(* Let $b\ge2$ be an integer and let $D$ be a nonempty subset of $\{-[\frac b2],-[\frac b2]+1,\ldots,b-1-[\frac b2]\}$. Let $(D_i)_{i\ge1}$ be a sequence with $D_i=D$ or $D_i=\{0\}$ for each $i$, and define $$\Lambda(b,D):=\bigcup_{k=1}^\infty\left\{\sum_{i=1}^k b^{i-1}d_i: d_i\in D_i\text{ for }1\le i\le k\right\}.$$ Then $$\dim_{Be}\Lambda(b,D)=\limsup_{n\to\infty}\frac{\#\{i:D_i=D,\ 1\le i\le n\}}{n}\cdot\frac{\log\#D}{\log b}.$$
   Context: $[x]$ is the integer part of $x$. For countable $\Lambda\subseteq\mathbb{R}^d$ and $r>0$, $D_r^+(\Lambda)=\limsup_{h\to\infty}\sup_{x\in\mathbb{R}^d}\#(\Lambda\cap B(x,h))/h^r$ ($B(x,h)$ the open ball), and the Beurling dimension is $\dim_{Be}(\Lambda)=\inf\{r:D_r^+(\Lambda)=0\}$. *)

theory Defs
  imports "HOL-Analysis.Analysis" "HOL-Library.Extended_Real"
begin

definition npts :: "'a set \<Rightarrow> ereal" where
  "npts A = (if finite A then ereal (real (card A)) else \<infinity>)"

definition upper_beurling_density :: "real \<Rightarrow> ('a::euclidean_space) set \<Rightarrow> ereal" where
  "upper_beurling_density r \<Lambda> =
     Limsup at_top (\<lambda>h::real. SUP x\<in>(UNIV::'a set). npts (\<Lambda> \<inter> ball x h) / ereal (h powr r))"

definition beurling_dim :: "('a::euclidean_space) set \<Rightarrow> ereal" where
  "beurling_dim \<Lambda> = Inf {ereal r | r. r > 0 \<and> upper_beurling_density r \<Lambda> = 0}"

definition Lambda_set :: "int \<Rightarrow> (nat \<Rightarrow> int set) \<Rightarrow> real set" where
  "Lambda_set b Ds = (\<Union>k\<in>{1..}. {real_of_int (\<Sum>i=1..k. b ^ (i - 1) * d i) | d.
       \<forall>i\<in>{1..k}. d i \<in> Ds i})"

end

theory Submission
  imports Defs
begin

(* Let m = #D and N(n) = #{i <= n. D_i = D}. Expansions with digits in a window of b
   consecutive integers are unique, so the sums of n digits are m^N(n) distinct points of
   Lambda in the ball B(0, b^n). Conversely, every point of Lambda is congruent mod b^n to a
   sum of at most n digits, and a ball of radius h <= b^n meets each residue class mod b^n in
   at most two points, so it contains at most 2 (n + 1) m^N(n) points of Lambda. Hence the
   counts at scale b^n grow like m^N(n) up to a polynomial factor, and the Beurling dimension
   is the exponential growth rate limsup log_b (m^N(n)) / n. *)

lemma abs_digit_sum_le:
  fixes b :: "'a::linordered_idom" and d :: "nat \<Rightarrow> 'a"
  assumes "b \<ge> 1" and "\<And>i. i \<in> {1..n} \<Longrightarrow> \<bar>d i\<bar> \<le> b - 1"
  shows "\<bar>\<Sum>i=1..n. b^(i-1) * d i\<bar> \<le> b^n - 1"
  using assms(2)
proof (induction n)
  case (Suc n)
  have "\<bar>b^n * d (Suc n)\<bar> \<le> b^n * (b - 1)"
    using Suc.prems[of "Suc n"] assms(1) by (simp add: abs_mult mult_left_mono)
  moreover have "\<bar>\<Sum>i=1..n. b^(i-1) * d i\<bar> \<le> b^n - 1"
    using Suc by simp
  ultimately show ?case
    by (simp add: algebra_simps)
qed simp

lemma inj_on_digit_sum:
  fixes b lo :: int
  assumes "b \<ge> 1"
  shows "inj_on (\<lambda>d. \<Sum>i=1..n. b^(i-1) * d i) (PiE {1..n} (\<lambda>_. {lo..lo+b-1}))"
proof (induction n)
  case 0
  then show ?case
    by simp
next
  case (Suc n)
  show ?case
  proof (rule inj_onI)
    fix d d'
    assume d: "d \<in> PiE {1..Suc n} (\<lambda>_. {lo..lo+b-1})"
      and d': "d' \<in> PiE {1..Suc n} (\<lambda>_. {lo..lo+b-1})"
      and eq: "(\<Sum>i=1..Suc n. b^(i-1) * d i) = (\<Sum>i=1..Suc n. b^(i-1) * d' i)"
    have "\<bar>\<Sum>i=1..n. b^(i-1) * (d i - d' i)\<bar> \<le> b^n - 1"
    proof (intro abs_digit_sum_le assms)
      fix i assume "i \<in> {1..n}"
      then have "d i \<in> {lo..lo+b-1}" "d' i \<in> {lo..lo+b-1}"
        using d d' by (auto simp: PiE_iff)
      then show "\<bar>d i - d' i\<bar> \<le> b - 1"
        by auto
    qed
    moreover have "(\<Sum>i=1..n. b^(i-1) * (d i - d' i)) = b^n * (d' (Suc n) - d (Suc n))"
      using eq by (simp add: right_diff_distrib sum_subtractf algebra_simps)
    ultimately have "\<bar>d' (Suc n) - d (Suc n)\<bar> < 1"
      using assms by (simp add: abs_mult)
    then have last_digit: "d (Suc n) = d' (Suc n)"
      by simp
    with eq have "(\<Sum>i=1..n. b^(i-1) * restrict d {1..n} i) = (\<Sum>i=1..n. b^(i-1) * restrict d' {1..n} i)"
      by simp
    then have "restrict d {1..n} = restrict d' {1..n}"
      using d d' by (intro inj_onD[OF Suc.IH]) (auto simp: PiE_iff)
    then have "d i = d' i" if "i \<in> {1..n}" for i
      using that by (metis restrict_apply')
    with last_digit show "d = d'"
      by (intro PiE_ext[OF d d']) (auto simp: le_Suc_eq)
  qed
qed

definition digit_sums :: "int \<Rightarrow> (nat \<Rightarrow> int set) \<Rightarrow> nat \<Rightarrow> int set" where
  "digit_sums b Ds k = (\<lambda>d. \<Sum>i=1..k. b^(i-1) * d i) ` PiE {1..k} Ds"

lemma Lambda_set_eq_Union_digit_sums:
  "Lambda_set b Ds = (\<Union>k\<in>{1..}. real_of_int ` digit_sums b Ds k)"
proof -
  have "{real_of_int (\<Sum>i=1..k. b^(i-1) * d i) | d. \<forall>i\<in>{1..k}. d i \<in> Ds i}
      = real_of_int ` digit_sums b Ds k" for k
  proof (intro equalityI subsetI)
    fix y assume "y \<in> {real_of_int (\<Sum>i=1..k. b^(i-1) * d i) | d. \<forall>i\<in>{1..k}. d i \<in> Ds i}"
    then obtain d where "\<forall>i\<in>{1..k}. d i \<in> Ds i" and y: "y = real_of_int (\<Sum>i=1..k. b^(i-1) * d i)"
      by blast
    then have "restrict d {1..k} \<in> PiE {1..k} Ds"
      and "y = real_of_int (\<Sum>i=1..k. b^(i-1) * restrict d {1..k} i)"
      by auto
    then show "y \<in> real_of_int ` digit_sums b Ds k"
      unfolding digit_sums_def by blast
  qed (auto simp: digit_sums_def PiE_iff)
  then show ?thesis
    unfolding Lambda_set_def by simp
qed

lemma digit_sums_truncate:
  assumes "s \<in> digit_sums b Ds k"
  shows "\<exists>j\<le>n. \<exists>l\<in>digit_sums b Ds j. b^n dvd s - l"
proof -
  obtain d where d: "d \<in> PiE {1..k} Ds" and s: "s = (\<Sum>i=1..k. b^(i-1) * d i)"
    using assms unfolding digit_sums_def by blast
  define j where "j = min k n"
  define l where "l = (\<Sum>i=1..j. b^(i-1) * d i)"
  have "restrict d {1..j} \<in> PiE {1..j} Ds"
    using d by (auto simp: j_def PiE_iff)
  moreover have "l = (\<Sum>i=1..j. b^(i-1) * restrict d {1..j} i)"
    by (simp add: l_def)
  ultimately have "l \<in> digit_sums b Ds j"
    unfolding digit_sums_def by blast
  moreover have "s - l = (\<Sum>i\<in>{1..k} - {1..j}. b^(i-1) * d i)"
    unfolding s l_def j_def by (subst sum.subset_diff[of "{1..min k n}"]) auto
  then have "b^n dvd s - l"
    by (auto simp: j_def intro!: dvd_sum dvd_mult2 le_imp_power_dvd)
  moreover have "j \<le> n"
    by (simp add: j_def)
  ultimately show ?thesis
    by blast
qed

lemma Lambda_set_ball_subset:
  fixes x h :: real
  assumes h: "h \<le> real_of_int b ^ n"
  shows "Lambda_set b Ds \<inter> ball x h \<subseteq> (\<Union>l\<in>(\<Union>j\<le>n. digit_sums b Ds j).
    (\<lambda>t. real_of_int (l + b ^ n * t)) ` {t. \<bar>of_int b ^ n * of_int t - (x - of_int l)\<bar> < of_int b ^ n})"
proof
  fix y assume y: "y \<in> Lambda_set b Ds \<inter> ball x h"
  then obtain k s where "s \<in> digit_sums b Ds k" and ys: "y = of_int s"
    by (auto simp: Lambda_set_eq_Union_digit_sums)
  then obtain j l where "j \<le> n" "l \<in> digit_sums b Ds j" and "b ^ n dvd s - l"
    using digit_sums_truncate by blast
  then have l: "l \<in> (\<Union>j\<le>n. digit_sums b Ds j)"
    by blast
  obtain t where "s - l = b ^ n * t"
    using \<open>b ^ n dvd s - l\<close> by (rule dvdE)
  then have s: "s = l + b ^ n * t"
    by simp
  have "\<bar>of_int b ^ n * of_int t - (x - of_int l)\<bar> < real_of_int b ^ n"
    using y h unfolding ys s by (auto simp: dist_real_def abs_minus_commute algebra_simps)
  with l s ys show "y \<in> (\<Union>l\<in>(\<Union>j\<le>n. digit_sums b Ds j).
    (\<lambda>t. real_of_int (l + b ^ n * t)) ` {t. \<bar>of_int b ^ n * of_int t - (x - of_int l)\<bar> < of_int b ^ n})"
    by blast
qed

lemma
  fixes B z :: real
  assumes "B > 0"
  shows finite_ints_near: "finite {t::int. \<bar>B * of_int t - z\<bar> < B}"
    and card_ints_near_le: "card {t::int. \<bar>B * of_int t - z\<bar> < B} \<le> 2"
proof -
  have sub: "{t::int. \<bar>B * of_int t - z\<bar> < B} \<subseteq> {\<lfloor>z / B\<rfloor>..\<lfloor>z / B\<rfloor>+1}"
  proof
    fix t assume "t \<in> {t::int. \<bar>B * of_int t - z\<bar> < B}"
    moreover have "B * of_int t - z = B * (of_int t - z / B)"
      using assms by (simp add: field_simps)
    ultimately have "\<bar>of_int t - z / B\<bar> < 1"
      using assms by (simp add: abs_mult)
    then have "\<lfloor>z / B\<rfloor> < t + 1" "t - 1 \<le> \<lfloor>z / B\<rfloor>"
      by (auto simp: abs_less_iff floor_le_iff le_floor_iff)
    then show "t \<in> {\<lfloor>z / B\<rfloor>..\<lfloor>z / B\<rfloor>+1}"
      by simp
  qed
  then show "finite {t::int. \<bar>B * of_int t - z\<bar> < B}"
    by (rule finite_subset) simp
  from sub show "card {t::int. \<bar>B * of_int t - z\<bar> < B} \<le> 2"
    using card_mono[OF finite_atLeastAtMost_int sub] by simp
qed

---

## [What you are asked to do]
Some lines in the material contain "thesis". Show all of them.

## [Task result]
  then show ?thesis
  ultimately show ?thesis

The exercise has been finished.